Mum smiled knowingly and joined my sister in excitedly pointing out the sights as we drew closer to the Academy. She expertly turned the topic away from the Chosen One and talked up a storm about the Academy itself. I felt a bit better, but also a little annoyed at myself for being so petty about it all. Maybe I'd make it up to her and send her an autograph from the Chosen One, if I managed to meet the person.
The Academy campus grounds were hidden behind tall marbled walls so from where we were, we could only see the most distinctive feature of it - the Spire. It wasn't that big by skyscraper standards but thirty stories still looked pretty impressive when the surrounding buildings went no higher than ten. What was even more impressive was the fact that it had apparently stood there since its construction around the birth of the Empire. The surrounding buildings had been designed to fit in with the aesthetics of the Spire, so looking at the Academy felt like looking back at a bit of the past.
'It looks so grand,' Triss said with a dreamy sigh. 'Wish I could go too.'
'Well, you're still only 10, so you've got a good eight years to catch up with Caden,' Dad said in a far-too-casual tone.

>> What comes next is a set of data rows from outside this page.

(* For every language $L$, $Q^{1}_L\mathrm{FO}(+,\times)\equiv Q^{\star}_L\mathrm{FO}(+,\times)$.
   Context: Strings as structures: a nonempty string $b_0\cdots b_{n-1}$ over the ordered alphabet $(a_1,\dots,a_s)$ is the structure with universe $\{0,\dots,n-1\}$, natural order $<$, and unary predicates $P_{a_i}=\{j:b_j=a_i\}$. FO uses $=$, $<$, these predicates, $\min,\max$, connectives, $\exists,\forall$; "$+,\times$" means the ternary relations $i+j=k$ and $i\cdot j=k$ are additionally built in. Monadic second-order Lindström quantifiers: for a language $L$ over $(a_1,\dots,a_s)$ and distinct unary second-order variables $\overline X=(X_1,\dots,X_k)$, over universe $\{0,\dots,n-1\}$ and an assignment $(A_1,\dots,A_k)$ let $s^i_j=1$ iff $j\in A_i$. For $Q^1_L$ the $2^{nk}$ assignments are ordered lexicographically by the interleaved code $s^1_0\cdots s^k_0s^1_1\cdots s^k_1\cdots s^1_{n-1}\cdots s^k_{n-1}$; for $Q^\star_L$ by the concatenated code $s^1_0\cdots s^1_{n-1}\cdots s^k_0\cdots s^k_{n-1}$. Then $\mathcal A\models Q\overline X[\varphi_1,\dots,\varphi_{s-1}]$ iff the word of length $2^{nk}$ whose $i$-th letter is $a_j$ for the least $j$ with $\varphi_j$ true at the $i$-th assignment (and $a_s$ if none) lies in $L$. $Q^1_L\mathrm{FO}(+,\times)$ consists of all formulas $Q^1_L\overline X[\varphi_1,\dots,\varphi_{s-1}]$ with $\varphi_i$ first-order formulas (built-in $<,+,\times$) possibly containing $\overline X$; $Q^\star_L\mathrm{FO}(+,\times)$ likewise with $Q^\star_L$. $\mathcal L\equiv\mathcal L'$ means over every string signature every sentence of either logic has an equivalent sentence of the other. *)

theory Defs
  imports Main
begin

text \<open>Strings over the alphabet (a_1,...,a_t) are encoded as nonempty lists of naturals
  below t (letter a_i is encoded as i-1).  Positions are 0..n-1.\<close>

definition strings :: "nat \<Rightarrow> nat list set" where
  "strings t = {w. w \<noteq> [] \<and> set w \<subseteq> {..<t}}"

datatype trm = TVar nat | TMin | TMax

datatype fo =
    FEq trm trm
  | FLess trm trm
  | FLetter nat trm          (* P_{a_(i+1)}(x) *)
  | FPlus trm trm trm
  | FTimes trm trm trm
  | FMem nat trm
  | FNot fo
  | FAnd fo fo
  | FOr fo fo
  | FEx nat fo
  | FAll nat fo

fun tval :: "nat list \<Rightarrow> (nat \<Rightarrow> nat) \<Rightarrow> trm \<Rightarrow> nat" where
  "tval w \<sigma> (TVar i) = \<sigma> i"
| "tval w \<sigma> TMin = 0"
| "tval w \<sigma> TMax = length w - 1"

fun sat :: "nat list \<Rightarrow> (nat \<Rightarrow> nat) \<Rightarrow> (nat \<Rightarrow> nat set) \<Rightarrow> fo \<Rightarrow> bool" where
  "sat w \<sigma> \<Gamma> (FEq x y) = (tval w \<sigma> x = tval w \<sigma> y)"
| "sat w \<sigma> \<Gamma> (FLess x y) = (tval w \<sigma> x < tval w \<sigma> y)"
| "sat w \<sigma> \<Gamma> (FLetter a x) = (tval w \<sigma> x < length w \<and> w ! tval w \<sigma> x = a)"
| "sat w \<sigma> \<Gamma> (FPlus x y z) = (tval w \<sigma> x + tval w \<sigma> y = tval w \<sigma> z)"
| "sat w \<sigma> \<Gamma> (FTimes x y z) = (tval w \<sigma> x * tval w \<sigma> y = tval w \<sigma> z)"
| "sat w \<sigma> \<Gamma> (FMem i x) = (tval w \<sigma> x \<in> \<Gamma> i)"
| "sat w \<sigma> \<Gamma> (FNot \<phi>) = (\<not> sat w \<sigma> \<Gamma> \<phi>)"
| "sat w \<sigma> \<Gamma> (FAnd \<phi> \<psi>) = (sat w \<sigma> \<Gamma> \<phi> \<and> sat w \<sigma> \<Gamma> \<psi>)"
| "sat w \<sigma> \<Gamma> (FOr \<phi> \<psi>) = (sat w \<sigma> \<Gamma> \<phi> \<or> sat w \<sigma> \<Gamma> \<psi>)"
| "sat w \<sigma> \<Gamma> (FEx i \<phi>) = (\<exists>j<length w. sat w (\<sigma>(i := j)) \<Gamma> \<phi>)"
| "sat w \<sigma> \<Gamma> (FAll i \<phi>) = (\<forall>j<length w. sat w (\<sigma>(i := j)) \<Gamma> \<phi>)"

fun tvars :: "trm \<Rightarrow> nat set" where
  "tvars (TVar i) = {i}" | "tvars TMin = {}" | "tvars TMax = {}"

fun fv :: "fo \<Rightarrow> nat set" where
  "fv (FEq x y) = tvars x \<union> tvars y"
| "fv (FLess x y) = tvars x \<union> tvars y"
| "fv (FLetter a x) = tvars x"
| "fv (FPlus x y z) = tvars x \<union> tvars y \<union> tvars z"
| "fv (FTimes x y z) = tvars x \<union> tvars y \<union> tvars z"
| "fv (FMem i x) = tvars x"
| "fv (FNot \<phi>) = fv \<phi>"
| "fv (FAnd \<phi> \<psi>) = fv \<phi> \<union> fv \<psi>"
| "fv (FOr \<phi> \<psi>) = fv \<phi> \<union> fv \<psi>"
| "fv (FEx i \<phi>) = fv \<phi> - {i}"
| "fv (FAll i \<phi>) = fv \<phi> - {i}"

fun sovars :: "fo \<Rightarrow> nat set" where
  "sovars (FMem i x) = {i}"
| "sovars (FNot \<phi>) = sovars \<phi>"
| "sovars (FAnd \<phi> \<psi>) = sovars \<phi> \<union> sovars \<psi>"
| "sovars (FOr \<phi> \<psi>) = sovars \<phi> \<union> sovars \<psi>"
| "sovars (FEx i \<phi>) = sovars \<phi>"
| "sovars (FAll i \<phi>) = sovars \<phi>"
| "sovars _ = {}"

fun letters :: "fo \<Rightarrow> nat set" where
  "letters (FLetter a x) = {a}"
| "letters (FNot \<phi>) = letters \<phi>"
| "letters (FAnd \<phi> \<psi>) = letters \<phi> \<union> letters \<psi>"
| "letters (FOr \<phi> \<psi>) = letters \<phi> \<union> letters \<psi>"
| "letters (FEx i \<phi>) = letters \<phi>"
| "letters (FAll i \<phi>) = letters \<phi>"
| "letters _ = {}"

fun bitlists :: "nat \<Rightarrow> bool list list" where
  "bitlists 0 = [[]]"
| "bitlists (Suc N) = map (Cons False) (bitlists N) @ map (Cons True) (bitlists N)"

text \<open>Decoding a code of length n*k into the assignment (A_0,...,A_(k-1)).
  Interleaved code: s^1_0...s^k_0 s^1_1 ... ; concatenated code: s^1_0...s^1_(n-1) ... \<close>
definition assign_interleaved :: "nat \<Rightarrow> nat \<Rightarrow> bool list \<Rightarrow> nat \<Rightarrow> nat set" where
  "assign_interleaved k n c = (\<lambda>i. {j. j < n \<and> c ! (j * k + i)})"

definition assign_concat :: "nat \<Rightarrow> nat \<Rightarrow> bool list \<Rightarrow> nat \<Rightarrow> nat set" where
  "assign_concat k n c = (\<lambda>i. {j. j < n \<and> c ! (i * n + j)})"

text \<open>Letter (0-based) produced at an assignment: least j with phi_j true, else the last letter.\<close>
definition letter_at :: "nat list \<Rightarrow> (nat \<Rightarrow> nat set) \<Rightarrow> fo list \<Rightarrow> nat" where
  "letter_at w \<Gamma> \<phi>s =
     (if \<exists>j<length \<phi>s. sat w (\<lambda>_. 0) \<Gamma> (\<phi>s ! j)
      then (LEAST j. j < length \<phi>s \<and> sat w (\<lambda>_. 0) \<Gamma> (\<phi>s ! j))
      else length \<phi>s)"

definition quant_word ::
  "(nat \<Rightarrow> nat \<Rightarrow> bool list \<Rightarrow> nat \<Rightarrow> nat set) \<Rightarrow> nat list \<Rightarrow> nat \<Rightarrow> fo list \<Rightarrow> nat list" where
  "quant_word dec w k \<phi>s =
     map (\<lambda>c. letter_at w (dec k (length w) c) \<phi>s) (bitlists (length w * k))"

definition holds_Q1 :: "nat list set \<Rightarrow> nat list \<Rightarrow> nat \<Rightarrow> fo list \<Rightarrow> bool" where
  "holds_Q1 L w k \<phi>s = (quant_word assign_interleaved w k \<phi>s \<in> L)"

definition holds_Qstar :: "nat list set \<Rightarrow> nat list \<Rightarrow> nat \<Rightarrow> fo list \<Rightarrow> bool" where
  "holds_Qstar L w k \<phi>s = (quant_word assign_concat w k \<phi>s \<in> L)"

text \<open>Syntactic well-formedness of a sentence Q X_0..X_(k-1) [phi_1..phi_(s-1)]
  over the string signature with t letters.\<close>
definition qsentence :: "nat \<Rightarrow> nat \<Rightarrow> nat \<Rightarrow> fo list \<Rightarrow> bool" where
  "qsentence s t k \<phi>s \<longleftrightarrow> 1 \<le> k \<and> length \<phi>s = s - 1 \<and>
     (\<forall>\<phi>\<in>set \<phi>s. fv \<phi> = {} \<and> sovars \<phi> \<subseteq> {..<k} \<and> letters \<phi> \<subseteq> {..<t})"

end

theory Submission imports Defs begin

text \<open>With the same k second-order variables both quantifiers run through the same bit strings
  in the same order and only read them differently: bit x k + i of a code says "x \<in> X_i" under
  the interleaved reading and "r \<in> X_q" under the concatenated one, where x k + i = q n + r with
  r < n.  Hence it suffices to replace each atom X_i(x) by a first-order formula that finds the
  q < k and r < n with x k + i = q n + r and asks X_q(r), and symmetrically.  Since positions are
  below n, the number x k + i is never named itself: the formula adds x to itself k times and
  then 1 i times, keeping the residue modulo n in a variable and choosing the carry q among the
  finitely many possibilities by a disjunction.\<close>

lemma div_mod_decomposition:
  fixes m n k :: nat
  assumes "m < k * n"
  shows "\<exists>q<k. \<exists>r<n. m = q * n + r"
proof (intro exI conjI)
  have "0 < n" using assms by (cases n) auto
  then show "m mod n < n" by simp
  show "m div n < k" using assms by (rule less_mult_imp_div_less)
qed simp

lemma mult_add_less_mult:
  fixes x n a k :: nat
  assumes "x < n" "a < k"
  shows "x * k + a < n * k"
proof -
  have "x * k + a < Suc x * k" using assms(2) by simp
  also have "\<dots> \<le> n * k" using assms(1) by (intro mult_right_mono) auto
  finally show ?thesis .
qed

lemma add_with_carry:
  fixes m d c v n :: nat
  assumes "d \<le> n" "v < n"
  shows "(\<exists>u<n. (m = c * n + u \<and> u + d = v) \<or> (0 < c \<and> m = (c - 1) * n + u \<and> u + d = v + n))
    \<longleftrightarrow> m + d = c * n + v"
proof
  assume "m + d = c * n + v"
  show "\<exists>u<n. (m = c * n + u \<and> u + d = v) \<or> (0 < c \<and> m = (c - 1) * n + u \<and> u + d = v + n)"
  proof (cases "d \<le> v")
    case True
    then show ?thesis using \<open>m + d = c * n + v\<close> assms by (intro exI[of _ "v - d"]) auto
  next
    case False
    then obtain c' where "c = Suc c'" using \<open>m + d = c * n + v\<close> by (cases c) auto
    then show ?thesis using \<open>m + d = c * n + v\<close> assms False by (intro exI[of _ "v + n - d"]) auto
  qed
next
  assume "\<exists>u<n. (m = c * n + u \<and> u + d = v) \<or> (0 < c \<and> m = (c - 1) * n + u \<and> u + d = v + n)"
  then show "m + d = c * n + v" by (cases c) auto
qed

definition FFalse :: fo where
  "FFalse = FLess TMin TMin"

lemma sat_FFalse [simp]: "\<not> sat w \<sigma> \<Gamma> FFalse"
  by (simp add: FFalse_def)

fun FDisj :: "fo list \<Rightarrow> fo" where
  "FDisj [] = FFalse"
| "FDisj (\<phi> # \<phi>s) = FOr \<phi> (FDisj \<phi>s)"

lemma sat_FDisj [simp]: "sat w \<sigma> \<Gamma> (FDisj \<phi>s) \<longleftrightarrow> (\<exists>\<phi>\<in>set \<phi>s. sat w \<sigma> \<Gamma> \<phi>)"
  by (induction \<phi>s) auto

text \<open>In the formulas below the last argument b is the first variable free for use as a
  bound variable; all variables the formula speaks about are below b.\<close>

definition FSucc :: "nat \<Rightarrow> nat \<Rightarrow> nat \<Rightarrow> fo" where
  "FSucc e u b = FAnd (FLess (TVar e) (TVar u))
     (FNot (FEx b (FAnd (FLess (TVar e) (TVar b)) (FLess (TVar b) (TVar u)))))"

lemma sat_FSucc:
  assumes "e < b" "u < b" "\<sigma> u < length w"
  shows "sat w \<sigma> \<Gamma> (FSucc e u b) \<longleftrightarrow> \<sigma> u = Suc (\<sigma> e)"
proof -
  have "sat w \<sigma> \<Gamma> (FSucc e u b) \<longleftrightarrow> \<sigma> e < \<sigma> u \<and> \<not> (\<exists>j<length w. \<sigma> e < j \<and> j < \<sigma> u)"
    using assms by (simp add: FSucc_def)
  also have "\<dots> \<longleftrightarrow> \<sigma> u = Suc (\<sigma> e)"
    using assms(3) by (metis Suc_lessI less_trans_Suc lessI not_less_eq)
  finally show ?thesis .
qed

definition FWrap :: "nat \<Rightarrow> nat \<Rightarrow> nat \<Rightarrow> nat \<Rightarrow> fo" where
  "FWrap u x v b = FEx b (FEx (Suc b) (FAnd (FPlus (TVar x) (TVar b) TMax)
     (FAnd (FPlus (TVar v) (TVar b) (TVar (Suc b))) (FSucc (Suc b) u (Suc (Suc b))))))"

lemma sat_FWrap:
  assumes "w \<noteq> []" "\<forall>i. \<sigma> i < length w" "u < b" "x < b" "v < b"
  shows "sat w \<sigma> \<Gamma> (FWrap u x v b) \<longleftrightarrow> \<sigma> u + \<sigma> x = \<sigma> v + length w"
proof -
  have succ: "sat w (\<sigma>(b := d, Suc b := e)) \<Gamma> (FSucc (Suc b) u (Suc (Suc b))) \<longleftrightarrow> \<sigma> u = Suc e"
    for d e
    using assms by (subst sat_FSucc) auto
  have "sat w \<sigma> \<Gamma> (FWrap u x v b) \<longleftrightarrow>
      (\<exists>d<length w. \<exists>e<length w. \<sigma> x + d = length w - 1 \<and> \<sigma> v + d = e \<and> \<sigma> u = Suc e)"
    using assms(3-5) by (simp add: FWrap_def succ)
  also have "\<dots> \<longleftrightarrow> \<sigma> u + \<sigma> x = \<sigma> v + length w"
  proof
    assume "\<sigma> u + \<sigma> x = \<sigma> v + length w"
    then show "\<exists>d<length w. \<exists>e<length w. \<sigma> x + d = length w - 1 \<and> \<sigma> v + d = e \<and> \<sigma> u = Suc e"
      using assms(2)[rule_format, of x] assms(2)[rule_format, of u]
      by (intro exI[of _ "length w - 1 - \<sigma> x"] exI[of _ "\<sigma> u - 1"]) auto
  qed (use assms(1) in auto)
  finally show ?thesis .
qed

'Catch up?' Triss' voice went up a few octaves as she turned away from the window to glare at the back of my father's head. I could almost feel him fighting to keep a straight face. 'I'll get in long before I hit 18!'
'I'm sure you will, Triss,' I said, trying not to sound condescending.
Her hand came up, wreathed in arcana. She was still too young to be able to channel much but her control was frankly amazing for her age. The small amount she had plucked from the air coalesced into a tight ball, like a ghostly orb of water, and she flung it at me. I laughed and flicked my wrist, sending a small amount of arcana to unravel her ball into harmless strings of light.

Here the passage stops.